- **Problem requirements**: Lines holding the string "flip" are the ones to copy; find them all in the data.

[Items from a dataset]
(* For any $\alpha,\beta\in\mathbb C$ with $\mathrm{Re}(\alpha+\beta)>0$ and any $\lambda_1,\lambda_2,\mu_1,\mu_2\in\mathbb R$, $$\int_{\mathbb R^2}e^{-\alpha(\lambda_1+\lambda_2-\kappa_1-\kappa_2)-\beta(\mu_1+\mu_2-\kappa_1-\kappa_2)-e^{-(\lambda_1-\kappa_1)}-e^{-(\kappa_1-\lambda_2)}-e^{-(\lambda_2-\kappa_2)}-e^{-(\mu_1-\kappa_1)}-e^{-(\kappa_1-\mu_2)}-e^{-(\mu_2-\kappa_2)}}\,d\kappa_1d\kappa_2$$ $$=\int_{\mathbb R^2}e^{-\alpha(\pi_1+\pi_2-\mu_1-\mu_2)-\beta(\pi_1+\pi_2-\lambda_1-\lambda_2)-e^{-(\pi_1-\lambda_1)}-e^{-(\lambda_1-\pi_2)}-e^{-(\pi_2-\lambda_2)}-e^{-(\pi_1-\mu_1)}-e^{-(\mu_1-\pi_2)}-e^{-(\pi_2-\mu_2)}}\,d\pi_1d\pi_2,$$ and both integrals are finite (absolutely convergent). *)

theory Defs
  imports "HOL-Analysis.Analysis"
begin

definition LHS_integrand :: "complex \<Rightarrow> complex \<Rightarrow> real \<Rightarrow> real \<Rightarrow> real \<Rightarrow> real \<Rightarrow> real \<times> real \<Rightarrow> complex" where
  "LHS_integrand \<alpha> \<beta> l1 l2 m1 m2 = (\<lambda>(k1, k2).
     exp (- \<alpha> * complex_of_real (l1 + l2 - k1 - k2) - \<beta> * complex_of_real (m1 + m2 - k1 - k2)
          - complex_of_real (exp (-(l1 - k1)) + exp (-(k1 - l2)) + exp (-(l2 - k2))
                             + exp (-(m1 - k1)) + exp (-(k1 - m2)) + exp (-(m2 - k2)))))"

definition RHS_integrand :: "complex \<Rightarrow> complex \<Rightarrow> real \<Rightarrow> real \<Rightarrow> real \<Rightarrow> real \<Rightarrow> real \<times> real \<Rightarrow> complex" where
  "RHS_integrand \<alpha> \<beta> l1 l2 m1 m2 = (\<lambda>(p1, p2).
     exp (- \<alpha> * complex_of_real (p1 + p2 - m1 - m2) - \<beta> * complex_of_real (p1 + p2 - l1 - l2)
          - complex_of_real (exp (-(p1 - l1)) + exp (-(l1 - p2)) + exp (-(p2 - l2))
                             + exp (-(p1 - m1)) + exp (-(m1 - p2)) + exp (-(p2 - m2)))))"

end

theory Submission
  imports Defs
begin

text \<open>
  The affine map \<open>(\<kappa>\<^sub>1, \<kappa>\<^sub>2) \<mapsto> (a - \<kappa>\<^sub>2, b - \<kappa>\<^sub>1)\<close> with
  \<open>exp a = (exp \<lambda>\<^sub>1 + exp \<mu>\<^sub>1) / (exp (-\<lambda>\<^sub>2) + exp (-\<mu>\<^sub>2))\<close> and
  \<open>exp b = (exp \<lambda>\<^sub>2 + exp \<mu>\<^sub>2) / (exp (-\<lambda>\<^sub>1) + exp (-\<mu>\<^sub>1))\<close> preserves
  Lebesgue measure on the plane and pulls the right-hand integrand back to the left-hand one:
  it maps the three pairs of exponential terms onto each other, and
  \<open>a + b = \<lambda>\<^sub>1 + \<lambda>\<^sub>2 + \<mu>\<^sub>1 + \<mu>\<^sub>2\<close> matches the linear parts.
  Absolute convergence of the left-hand integral follows by dominating its modulus with a
  product of one-dimensional integrands \<open>exp (s x - c exp x)\<close>, where \<open>s = Re (\<alpha> + \<beta>) > 0\<close>.
\<close>

lemma (in pair_sigma_finite) integrable_product:
  fixes f g :: "_ \<Rightarrow> real"
  assumes f: "integrable M1 f" and g: "integrable M2 g"
  shows "integrable (M1 \<Otimes>\<^sub>M M2) (\<lambda>(x, y). f x * g y)"
proof (rule Fubini_integrable)
  show "(\<lambda>(x, y). f x * g y) \<in> borel_measurable (M1 \<Otimes>\<^sub>M M2)"
    using f g by measurable
  show "integrable M1 (\<lambda>x. \<integral>y. norm ((\<lambda>(x, y). f x * g y) (x, y)) \<partial>M2)"
    using f by (simp add: abs_mult integrable_abs)
  show "AE x in M1. integrable M2 (\<lambda>y. (\<lambda>(x, y). f x * g y) (x, y))"
    using g by simp
qed

lemma integrable_integral_measure_preserving:
  fixes f g :: "'a \<Rightarrow> 'b::{banach, second_countable_topology}"
  assumes T: "T \<in> measurable M M" and preserving: "distr M M T = M"
    and g: "g \<in> borel_measurable M" and pullback: "\<And>x. x \<in> space M \<Longrightarrow> g (T x) = f x"
    and f: "integrable M f"
  shows "integrable M g \<and> integral\<^sup>L M g = integral\<^sup>L M f"
proof
  have "integrable M (\<lambda>x. g (T x))"
    using f by (subst Bochner_Integration.integrable_cong[OF refl pullback])
  then show "integrable M g"
    using integrable_distr_eq[OF T g] by (simp add: preserving)
  have "integral\<^sup>L M (\<lambda>x. g (T x)) = integral\<^sup>L M f"
    using pullback by (rule Bochner_Integration.integral_cong[OF refl])
  then show "integral\<^sup>L M g = integral\<^sup>L M f"
    using integral_distr[OF T g] by (simp add: preserving)
qed

lemma lborel_distr_reflect: "distr lborel borel (\<lambda>x. a - x) = (lborel :: real measure)"
  by (subst lborel_real_affine[of "-1" a]) (auto simp: density_1 one_ennreal_def[symmetric])

lemma lborel_pair_distr_reflect_swap:
  fixes a b :: real
  shows "distr (lborel \<Otimes>\<^sub>M lborel) (lborel \<Otimes>\<^sub>M lborel) (\<lambda>(x, y). (a - y, b - x))
    = lborel \<Otimes>\<^sub>M lborel"
proof -
  have reflect: "distr (lborel \<Otimes>\<^sub>M lborel) (lborel \<Otimes>\<^sub>M lborel) (\<lambda>(x, y). (a - x, b - y))
      = lborel \<Otimes>\<^sub>M (lborel :: real measure)"
  proof -
    have "distr (lborel \<Otimes>\<^sub>M lborel) (lborel \<Otimes>\<^sub>M lborel) (\<lambda>(x, y). (a - x, b - y))
        = distr (lborel \<Otimes>\<^sub>M lborel) (borel \<Otimes>\<^sub>M borel) (\<lambda>(x::real, y::real). (a - x, b - y))"
      by (rule distr_cong) (auto intro!: sets_pair_measure_cong)
    also have "\<dots> = distr lborel borel (\<lambda>x. a - x) \<Otimes>\<^sub>M distr lborel borel (\<lambda>y. b - y)"
      by (rule pair_measure_distr[symmetric])
        (auto simp: lborel_distr_reflect intro: lborel.sigma_finite_measure_axioms)
    finally show ?thesis
      by (simp add: lborel_distr_reflect)
  qed
  have "distr (lborel \<Otimes>\<^sub>M lborel) (lborel \<Otimes>\<^sub>M lborel) (\<lambda>(x, y). (a - y, b - x))
      = distr (distr (lborel \<Otimes>\<^sub>M lborel) (lborel \<Otimes>\<^sub>M lborel) (\<lambda>(x, y). (y, x)))
          (lborel \<Otimes>\<^sub>M lborel) (\<lambda>(x::real, y::real). (a - x, b - y))"
    by (subst distr_distr) (auto simp: comp_def case_prod_unfold)
  also have "\<dots> = lborel \<Otimes>\<^sub>M lborel"
    by (simp add: lborel_pair.distr_pair_swap[symmetric] reflect)
  finally show ?thesis .
qed

lemma lborel_integrable_exp_halflines:
  fixes a :: real
  assumes "a > 0"
  shows "integrable lborel (\<lambda>x. indicator {0..} x * exp (- a * x))"
    and "integrable lborel (\<lambda>x. indicator {..0} x * exp (a * x))"
proof -
  have "integrable lebesgue (\<lambda>x. indicat_real {0..} x *\<^sub>R exp (- a * x))"
    using assms by (intro nonnegative_absolutely_integrable_1[unfolded set_integrable_def]
        integrable_on_exp_minus_to_infinity) auto
  then show decay: "integrable lborel (\<lambda>x. indicator {0..} x * exp (- a * x))"
    by (simp add: integrable_completion)
  have "integrable lborel (\<lambda>x. indicator {0..} (- x) * exp (- a * - x))"
    using lborel_integrable_real_affine[OF decay, of "-1" 0] by simp
  then show "integrable lborel (\<lambda>x. indicator {..0} x * exp (a * x))"
    by (simp add: indicator_def if_distrib cong: if_cong)
qed

lemma lborel_integrable_exp_linear_minus_exp:
  fixes s c :: real
  assumes s: "s > 0" and c: "c > 0"
  shows "integrable lborel (\<lambda>x. exp (s * x - c * exp x))"
proof (rule Bochner_Integration.integrable_bound[OF _ _ AE_I2])
  define L where "L = (s + 1)\<^sup>2 / c"
  show "integrable lborel
      (\<lambda>x. exp L * (indicator {0..} x * exp (- x)) + indicator {..0} x * exp (s * x))"
    using lborel_integrable_exp_halflines[of 1] lborel_integrable_exp_halflines(2)[OF s] by auto
  show "(\<lambda>x. exp (s * x - c * exp x)) \<in> borel_measurable lborel"
    by measurable
  fix x :: real
  show "norm (exp (s * x - c * exp x))
      \<le> norm (exp L * (indicator {0..} x * exp (- x)) + indicator {..0} x * exp (s * x))"
  proof (cases "x \<ge> 0")
    case True
    \<comment> \<open>\<open>exp x \<ge> x\<^sup>2/4\<close> bounds \<open>(s + 1) x - c exp x\<close> by a concave quadratic with maximum \<open>L\<close>\<close>
    have "x / 2 \<le> exp (x / 2)"
      using exp_ge_add_one_self[of "x / 2"] by linarith
    then have "(x / 2)\<^sup>2 \<le> (exp (x / 2))\<^sup>2"
      using True by (intro power_mono) auto
    then have "c * (x\<^sup>2 / 4) \<le> c * exp x"
      using c by (simp add: power2_eq_square power_divide flip: exp_add)
    moreover have "(s + 1) * x - c * (x\<^sup>2 / 4) \<le> L"
      using c sum_power2_ge_zero[of "c * x / 2 - (s + 1)" 0]
      by (simp add: L_def field_simps power2_eq_square)
    ultimately have "exp (s * x - c * exp x) \<le> exp L * exp (- x)"
      by (simp add: algebra_simps flip: exp_add)
    then show ?thesis
      using True by (simp add: add_increasing2)
  next
    case False
    then show ?thesis
      using c by (simp add: indicator_def)
  qed
qed

lemma exp_diff_add_exp_diff_right:
  fixes u v p :: real
  shows "exp (u - p) + exp (v - p) = (exp u + exp v) / exp p"
  by (simp add: exp_diff add_divide_distrib)

lemma exp_diff_add_exp_diff_left:
  fixes u v p :: real
  shows "exp (p - u) + exp (p - v) = exp p * (exp (- u) + exp (- v))"
  by (simp add: distrib_left flip: exp_add)

lemma integrable_LHS_integrand:
  fixes \<alpha> \<beta> :: complex and l1 l2 m1 m2 :: real
  assumes "Re (\<alpha> + \<beta>) > 0"
  shows "integrable (lborel \<Otimes>\<^sub>M lborel) (LHS_integrand \<alpha> \<beta> l1 l2 m1 m2)"
proof -
  define s where "s = Re (\<alpha> + \<beta>)"
  define A where "A = exp (- l1) + exp (- m1)"
  define C where "C = exp (- l2) + exp (- m2)"
  define K where "K = exp (- Re \<alpha> * (l1 + l2) - Re \<beta> * (m1 + m2))"
  define bound
    where "bound = (\<lambda>(x, y). (K * exp (s * x - A * exp x)) * exp (s * y - C * exp y))"
  have "s > 0" "A > 0" "C > 0"
    using assms by (simp_all add: s_def A_def C_def add_pos_pos)
  then have "integrable (lborel \<Otimes>\<^sub>M lborel) bound"
    unfolding bound_def
    by (intro lborel_pair.integrable_product lborel_integrable_exp_linear_minus_exp
        integrable_mult_right)
  moreover have "LHS_integrand \<alpha> \<beta> l1 l2 m1 m2 \<in> borel_measurable (lborel \<Otimes>\<^sub>M lborel)"
    unfolding LHS_integrand_def by measurable
  moreover have "norm (LHS_integrand \<alpha> \<beta> l1 l2 m1 m2 (k1, k2)) \<le> norm (bound (k1, k2))" for k1 k2
  proof -
    have "A * exp k1 = exp (- (l1 - k1)) + exp (- (m1 - k1))"
      "C * exp k2 = exp (- (l2 - k2)) + exp (- (m2 - k2))"
      by (simp_all add: A_def C_def exp_diff_add_exp_diff_left mult.commute)
    then have sum_exp: "A * exp k1 + C * exp k2
        \<le> exp (- (l1 - k1)) + exp (- (k1 - l2)) + exp (- (l2 - k2))
          + exp (- (m1 - k1)) + exp (- (k1 - m2)) + exp (- (m2 - k2))"
      using exp_gt_zero[of "- (k1 - l2)"] exp_gt_zero[of "- (k1 - m2)"] by linarith
    have "norm (LHS_integrand \<alpha> \<beta> l1 l2 m1 m2 (k1, k2))
        = exp (- Re \<alpha> * (l1 + l2 - k1 - k2) - Re \<beta> * (m1 + m2 - k1 - k2)
          - (exp (- (l1 - k1)) + exp (- (k1 - l2)) + exp (- (l2 - k2))
            + exp (- (m1 - k1)) + exp (- (k1 - m2)) + exp (- (m2 - k2))))"
      by (simp add: LHS_integrand_def)
    also have "\<dots> \<le> exp (- Re \<alpha> * (l1 + l2) - Re \<beta> * (m1 + m2)
        + (s * k1 - A * exp k1) + (s * k2 - C * exp k2))"
      using sum_exp by (simp add: s_def algebra_simps)
    also have "\<dots> = norm (bound (k1, k2))"
      by (simp add: bound_def K_def exp_add)
    finally show ?thesis .
  qed
  ultimately show ?thesis
    by (metis (no_types) Bochner_Integration.integrable_bound[OF _ _ AE_I2] prod.collapse)
qed

lemma RHS_integrand_reflect_swap:
  fixes \<alpha> \<beta> :: complex and l1 l2 m1 m2 :: real
  obtains a b where
    "\<And>k1 k2. RHS_integrand \<alpha> \<beta> l1 l2 m1 m2 (a - k2, b - k1)
      = LHS_integrand \<alpha> \<beta> l1 l2 m1 m2 (k1, k2)"
proof -
  define A where "A = exp (- l1) + exp (- m1)"
  define B where "B = exp l2 + exp m2"
  define C where "C = exp (- l2) + exp (- m2)"
  define D where "D = exp l1 + exp m1"
  have pos: "A > 0" "B > 0" "C > 0" "D > 0"
    by (simp_all add: A_def B_def C_def D_def add_pos_pos)
  have DA: "D = A * exp (l1 + m1)" and CB: "C = B * exp (- (l2 + m2))"
    by (simp_all add: A_def B_def C_def D_def distrib_right flip: exp_add)
  have "RHS_integrand \<alpha> \<beta> l1 l2 m1 m2 (ln D - ln C - k2, ln B - ln A - k1)
      = LHS_integrand \<alpha> \<beta> l1 l2 m1 m2 (k1, k2)" for k1 k2
  proof -
    define p1 where "p1 = ln D - ln C - k2"
    define p2 where "p2 = ln B - ln A - k1"
    have "exp p1 = D / (C * exp k2)" "exp p2 = B / (A * exp k1)"
      using pos by (simp_all add: p1_def p2_def exp_diff)
    then have "exp (- (p1 - l1)) + exp (- (p1 - m1)) = exp (- (l2 - k2)) + exp (- (m2 - k2))"
      "exp (- (l1 - p2)) + exp (- (m1 - p2)) = exp (- (k1 - l2)) + exp (- (k1 - m2))"
      "exp (- (p2 - l2)) + exp (- (p2 - m2)) = exp (- (l1 - k1)) + exp (- (m1 - k1))"
      using pos by (simp_all add: exp_diff_add_exp_diff_right exp_diff_add_exp_diff_left
          flip: A_def B_def C_def D_def)
    then have sum_exp: "exp (- (p1 - l1)) + exp (- (l1 - p2)) + exp (- (p2 - l2))
          + exp (- (p1 - m1)) + exp (- (m1 - p2)) + exp (- (p2 - m2))
        = exp (- (l1 - k1)) + exp (- (k1 - l2)) + exp (- (l2 - k2))
          + exp (- (m1 - k1)) + exp (- (k1 - m2)) + exp (- (m2 - k2))"
      by linarith
    have "p1 + p2 = l1 + l2 + m1 + m2 - k1 - k2"
      using pos by (simp add: p1_def p2_def DA CB ln_mult)
    then have "p1 + p2 - m1 - m2 = l1 + l2 - k1 - k2" "p1 + p2 - l1 - l2 = m1 + m2 - k1 - k2"
      by linarith+
    then show ?thesis
      unfolding RHS_integrand_def LHS_integrand_def p1_def[symmetric] p2_def[symmetric]
      by (simp only: case_prod_conv sum_exp)
  qed
  then show thesis
    by (rule that)
qed

theorem lemma3p5:
  fixes \<alpha> \<beta> :: complex and l1 l2 m1 m2 :: real
  assumes "Re (\<alpha> + \<beta>) > 0"
  shows "integrable (lborel \<Otimes>\<^sub>M lborel) (LHS_integrand \<alpha> \<beta> l1 l2 m1 m2)
    \<and> integrable (lborel \<Otimes>\<^sub>M lborel) (RHS_integrand \<alpha> \<beta> l1 l2 m1 m2)
    \<and> (\<integral>x. LHS_integrand \<alpha> \<beta> l1 l2 m1 m2 x \<partial>(lborel \<Otimes>\<^sub>M lborel))
       = (\<integral>x. RHS_integrand \<alpha> \<beta> l1 l2 m1 m2 x \<partial>(lborel \<Otimes>\<^sub>M lborel))"
proof -
  let ?M = "lborel \<Otimes>\<^sub>M lborel :: (real \<times> real) measure"
  obtain a b where pullback:
    "\<And>k1 k2. RHS_integrand \<alpha> \<beta> l1 l2 m1 m2 (a - k2, b - k1)
      = LHS_integrand \<alpha> \<beta> l1 l2 m1 m2 (k1, k2)"
    using RHS_integrand_reflect_swap by blast
  have LHS: "integrable ?M (LHS_integrand \<alpha> \<beta> l1 l2 m1 m2)"
    using assms by (rule integrable_LHS_integrand)
  have "(\<lambda>(x, y). (a - y, b - x)) \<in> measurable ?M ?M"
    by measurable
  moreover have "RHS_integrand \<alpha> \<beta> l1 l2 m1 m2 \<in> borel_measurable ?M"
    unfolding RHS_integrand_def by measurable
  moreover have "RHS_integrand \<alpha> \<beta> l1 l2 m1 m2 ((\<lambda>(x, y). (a - y, b - x)) z)
      = LHS_integrand \<alpha> \<beta> l1 l2 m1 m2 z" for z
    by (cases z) (simp add: pullback)
  ultimately have "integrable ?M (RHS_integrand \<alpha> \<beta> l1 l2 m1 m2)
      \<and> integral\<^sup>L ?M (RHS_integrand \<alpha> \<beta> l1 l2 m1 m2)
        = integral\<^sup>L ?M (LHS_integrand \<alpha> \<beta> l1 l2 m1 m2)"
    using lborel_pair_distr_reflect_swap LHS by (intro integrable_integral_measure_preserving) auto
  with LHS show ?thesis
    by simp
qed

end
locale stratified_target =
  fixes X :: "'a set" and d :: nat and S :: "nat \<Rightarrow> 'a set" and lam :: "'a measure"
    and pd :: "'a \<Rightarrow> real" and \<rho> :: "real \<Rightarrow> real"
  assumes pd_meas: "pd \<in> borel_measurable lam"
    and pd_nonneg: "\<And>y. y \<in> X \<Longrightarrow> 0 \<le> pd y"
    and S_meas: "\<And>i. i \<in> {1..d} \<Longrightarrow> S i \<in> sets lam"
    and S_disj: "disjoint_family_on S {1..d}"
    and S_cover: "(\<Union>i\<in>{1..d}. S i) = X"
    and rho_pos: "\<And>t. 0 < t \<Longrightarrow> t < 1 \<Longrightarrow> 0 < \<rho> t"
begin

lemma rho_Theta_pos: "\<theta> \<in> Theta d \<Longrightarrow> i \<in> {1..d} \<Longrightarrow> 0 < \<rho> (\<theta> i)"
  by (auto simp: Theta_def intro: rho_pos)

lemma theta_star_nonneg:
  assumes "i \<in> {1..d}"
  shows "0 \<le> theta_star S lam pd i"
proof -
  have "S i \<subseteq> X" using assms S_cover by blast
  then have "0 \<le> indicator (S i) z * pd z" for z
    using pd_nonneg by (auto simp: indicator_def)
  then show ?thesis
    unfolding theta_star_def set_lebesgue_integral_def by (simp add: integral_nonneg)
qed

lemma Zrho_eq_0_iff:
  assumes "\<theta> \<in> Theta d"
  shows "Zrho d S lam pd \<rho> \<theta> = 0 \<longleftrightarrow> (\<forall>i\<in>{1..d}. theta_star S lam pd i = 0)"
proof -
  have "Zrho d S lam pd \<rho> \<theta> = 0 \<longleftrightarrow> (\<forall>i\<in>{1..d}. theta_star S lam pd i / \<rho> (\<theta> i) = 0)"
    unfolding Zrho_def using theta_star_nonneg rho_Theta_pos[OF assms]
    by (intro sum_nonneg_eq_0_iff) (auto intro: divide_nonneg_pos)
  then show ?thesis using rho_Theta_pos[OF assms] by force
qed

lemma pi_rho_nonneg:
  assumes "\<theta> \<in> Theta d" "y \<in> X"
  shows "0 \<le> pi_rho d S lam pd \<rho> \<theta> y"
proof -
  have "0 \<le> Zrho d S lam pd \<rho> \<theta>"
    unfolding Zrho_def using theta_star_nonneg rho_Theta_pos[OF assms(1)]
    by (auto intro!: sum_nonneg divide_nonneg_pos)
  moreover have "0 \<le> (\<Sum>i=1..d. pd y / \<rho> (\<theta> i) * indicator (S i) y)"
    using assms pd_nonneg rho_Theta_pos[OF assms(1)]
    by (auto intro!: sum_nonneg mult_nonneg_nonneg divide_nonneg_pos)
  ultimately show ?thesis unfolding pi_rho_def by simp
qed

lemma pi_rho_stratum:
  assumes "i \<in> {1..d}" "z \<in> S i"
  shows "pi_rho d S lam pd \<rho> \<theta> z = pd z / \<rho> (\<theta> i) / Zrho d S lam pd \<rho> \<theta>"
proof -
  have "z \<notin> S j" if "j \<in> {1..d} - {i}" for j
    using S_disj assms that unfolding disjoint_family_on_def by blast
  then have "(\<Sum>j=1..d. pd z / \<rho> (\<theta> j) * indicator (S j) z) = pd z / \<rho> (\<theta> i)"
    using assms by (subst sum.remove[of _ i]) (auto intro!: sum.neutral)
  then show ?thesis by (simp add: pi_rho_def)
qed

lemma mh_alpha_measurable: "mh_alpha d S lam pd \<rho> \<theta> x \<in> borel_measurable lam"
proof -
  have "pi_rho d S lam pd \<rho> \<theta> \<in> borel_measurable lam"
    unfolding pi_rho_def[abs_def] using pd_meas S_meas by measurable
  then show ?thesis unfolding mh_alpha_def[abs_def] by measurable
qed

lemma mh_alpha_abs_le_1:
  assumes "\<theta> \<in> Theta d" "x \<in> X" "y \<in> X"
  shows "\<bar>mh_alpha d S lam pd \<rho> \<theta> x y\<bar> \<le> 1"
  using pi_rho_nonneg[OF assms(1,2)] pi_rho_nonneg[OF assms(1,3)]
  by (simp add: mh_alpha_def)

- **Solution for this problem**:
      using c by (simp add: power2_eq_square power_divide flip: exp_add)
      by (simp add: algebra_simps flip: exp_add)
  by (simp add: distrib_left flip: exp_add)
    by (simp_all add: A_def B_def C_def D_def distrib_right flip: exp_add)
          flip: A_def B_def C_def D_def)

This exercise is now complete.